■ Dataset extract

lemma risk_rate_le:
  fixes d t \<Lambda> r c K4 K8 :: real
  assumes "0 < d" "0 < t" "t \<le> 1" "1 \<le> \<Lambda>" "r\<^sup>2 \<le> c * \<Lambda>" "0 \<le> K4" "0 \<le> K8"
  defines "m \<equiv> max (1 / sqrt d) (t * \<Lambda>)"
  shows "2 * K4 / d + 16 * t\<^sup>2 * r ^ 4 + 8 * (K8 + 2) * t / d + 4 * (K4 + 2)\<^sup>2 * t\<^sup>2
    \<le> (2 * K4 + 16 * c\<^sup>2 + 8 * (K8 + 2) + 4 * (K4 + 2)\<^sup>2) * m\<^sup>2"
proof -
  have "(1 / sqrt d)\<^sup>2 \<le> m\<^sup>2" using assms unfolding m_def by (intro power_mono) auto
  then have d: "1 / d \<le> m\<^sup>2" using assms by (simp add: power_divide)
  have tL: "(t * \<Lambda>)\<^sup>2 \<le> m\<^sup>2" using assms unfolding m_def by (intro power_mono) auto
  have "r ^ 4 \<le> (c * \<Lambda>)\<^sup>2"
    using power_mono[OF assms(5), of 2] by (simp flip: power_mult)
  then have "t\<^sup>2 * r ^ 4 \<le> c\<^sup>2 * (t * \<Lambda>)\<^sup>2"
    using mult_left_mono[of "r ^ 4" "(c * \<Lambda>)\<^sup>2" "t\<^sup>2"] by (simp add: power_mult_distrib algebra_simps)
  also have "\<dots> \<le> c\<^sup>2 * m\<^sup>2" using tL by (intro mult_left_mono) auto
  finally have 1: "16 * t\<^sup>2 * r ^ 4 \<le> 16 * c\<^sup>2 * m\<^sup>2" by simp
  have "t / d \<le> 1 / d" using assms by (intro divide_right_mono) auto
  then have 2: "8 * (K8 + 2) * t / d \<le> 8 * (K8 + 2) * m\<^sup>2"
    using d assms mult_left_mono[of "t / d" "m\<^sup>2" "8 * (K8 + 2)"] by simp
  have "t\<^sup>2 \<le> (t * \<Lambda>)\<^sup>2" using assms by (intro power_mono) auto
  then have 3: "4 * (K4 + 2)\<^sup>2 * t\<^sup>2 \<le> 4 * (K4 + 2)\<^sup>2 * m\<^sup>2"
    using tL by (intro mult_left_mono) auto
  have 4: "2 * K4 / d \<le> 2 * K4 * m\<^sup>2"
    using mult_left_mono[OF d, of "2 * K4"] assms by simp
  show ?thesis using 1 2 3 4 by (simp add: algebra_simps)
qed

lemma sigma_hat_sq_risk_le_rate:
  fixes a \<tau> \<sigma> K4 K8 :: real and P :: "real measure" and d s :: nat and \<theta> :: "nat \<Rightarrow> real"
  assumes "a > 0" "\<tau> > 0" and P: "noise_class a \<tau> P"
    and m4: "integrable P (\<lambda>x. x ^ 4)" "(\<integral>x. x ^ 4 \<partial>P) \<le> K4" "0 \<le> K4"
    and m8: "integrable P (\<lambda>x. x ^ 8)" "(\<integral>x. x ^ 8 \<partial>P) \<le> K8" "0 \<le> K8"
    and s: "1 \<le> s" "2 * s < d" and "\<sigma> > 0" "\<theta> \<in> sparse_vecs d s"
  defines "c \<equiv> 4 + \<tau>\<^sup>2 * 2 powr (2 / a)"
  shows "(\<integral>\<^sup>+ \<xi>. ennreal ((sigma_hat_sq d s (obs \<theta> \<sigma> \<xi>) - \<sigma>\<^sup>2)\<^sup>2) \<partial>(PiM {..<d} (\<lambda>_. P)))
    \<le> ennreal ((2 * K4 + 16 * c\<^sup>2 + 8 * (K8 + 2) + 4 * (K4 + 2)\<^sup>2) * \<sigma> ^ 4 *
         (max (1 / sqrt (real d)) (real s / real d * (ln (exp 1 * real d / real s)) powr (2 / a)))\<^sup>2)"
proof -
  define L where "L = ln (exp 1 * real d / real s)"
  \<comment> \<open>the tail bound of the noise class is only assumed beyond 2\<close>
  define r where "r = max 2 (\<tau> * (2 * L) powr (1 / a))"
  have P': "prob_space P" "sets P = sets borel" "integrable P (\<lambda>x. x\<^sup>2)" "(\<integral>x. x\<^sup>2 \<partial>P) = 1"
    and tail: "\<And>t. t \<ge> 2 \<Longrightarrow> measure P {x. \<bar>x\<bar> > t} \<le> 2 * exp (- ((t / \<tau>) powr a))"
    using P by (auto simp: noise_class_def)
  have L: "1 \<le> L" "exp (- (2 * L)) \<le> (real s / real d)\<^sup>2"
    using ln_sparsity_bounds[of s d] s by (simp_all add: L_def)
  note threshold = stretched_exp_threshold[OF assms(1,2) L(1), folded r_def c_def]
  have "r \<ge> 2" by (simp add: r_def)
  then have "measure P {x. r < \<bar>x\<bar>} \<le> 2 * (real s / real d)\<^sup>2"
    using tail threshold(1) L(2) by (meson mult_left_mono order_trans zero_le_numeral)
  then have "(\<integral>\<^sup>+ \<xi>. ennreal ((sigma_hat_sq d s (obs \<theta> \<sigma> \<xi>) - \<sigma>\<^sup>2)\<^sup>2) \<partial>(PiM {..<d} (\<lambda>_. P)))
    \<le> ennreal (\<sigma> ^ 4 * (2 * K4 / d + 16 * (s / d)\<^sup>2 * r ^ 4
                        + 8 * (K8 + 2) * (s / d) / d + 4 * (K4 + 2)\<^sup>2 * (s / d)\<^sup>2))"
    using m4 m8 s \<open>\<sigma> > 0\<close> \<open>\<theta> \<in> sparse_vecs d s\<close>
    by (intro sigma_hat_sq_risk_le[OF P']) (auto simp: r_def)
  also have "\<dots> \<le> ennreal ((2 * K4 + 16 * c\<^sup>2 + 8 * (K8 + 2) + 4 * (K4 + 2)\<^sup>2) * \<sigma> ^ 4 *
               (max (1 / sqrt (real d)) (real s / real d * L powr (2 / a)))\<^sup>2)"
    using risk_rate_le[OF _ _ _ _ threshold(2) m4(3) m8(3), of d "s / d"] s L(1) \<open>\<sigma> > 0\<close>
      ge_one_powr_ge_zero[OF L(1), of "2 / a"] assms(1)
    by (intro ennreal_leI) (simp add: mult_left_mono mult.assoc mult.left_commute)
  finally show ?thesis by (simp add: L_def)
qed

theorem theorem3:
  fixes a \<tau> :: real
  assumes "a > 0" and "\<tau> > 0"
  shows "\<exists>C>0. \<forall>(d::nat) (s::nat) P (\<sigma>::real) \<theta>.
           1 \<le> s \<longrightarrow> 2 * s < d \<longrightarrow> noise_class a \<tau> P \<longrightarrow> \<sigma> > 0 \<longrightarrow>
           \<theta> \<in> sparse_vecs d s \<longrightarrow>
           (\<integral>\<^sup>+ \<xi>. ennreal ((sigma_hat_sq d s (obs \<theta> \<sigma> \<xi>) - \<sigma>\<^sup>2)\<^sup>2) \<partial>(PiM {..<d} (\<lambda>_. P)))
             \<le> ennreal (C * \<sigma> ^ 4 *
                 (max (1 / sqrt (real d))
                      (real s / real d * (ln (exp 1 * real d / real s)) powr (2 / a)))\<^sup>2)"
proof -
  obtain K4 where K4: "K4 \<ge> 0" "\<And>P. noise_class a \<tau> P \<Longrightarrow> integrable P (\<lambda>x. x ^ 4) \<and> (\<integral>x. x ^ 4 \<partial>P) \<le> K4"
    using noise_class_moment_bound[OF assms, where n = 4] by blast
  obtain K8 where K8: "K8 \<ge> 0" "\<And>P. noise_class a \<tau> P \<Longrightarrow> integrable P (\<lambda>x. x ^ 8) \<and> (\<integral>x. x ^ 8 \<partial>P) \<le> K8"
    using noise_class_moment_bound[OF assms, where n = 8] by blast
  define C where "C = 2 * K4 + 16 * (4 + \<tau>\<^sup>2 * 2 powr (2 / a))\<^sup>2 + 8 * (K8 + 2) + 4 * (K4 + 2)\<^sup>2"
  have "C > 0" using K4 K8 by (simp add: C_def add_nonneg_pos)
  then show ?thesis
    using K4 K8 unfolding C_def by (blast intro: sigma_hat_sq_risk_le_rate[OF assms])
qed

end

■ Task
Count every line in the records that holds "obtain" and give that count by itself.

■ Exercise output
2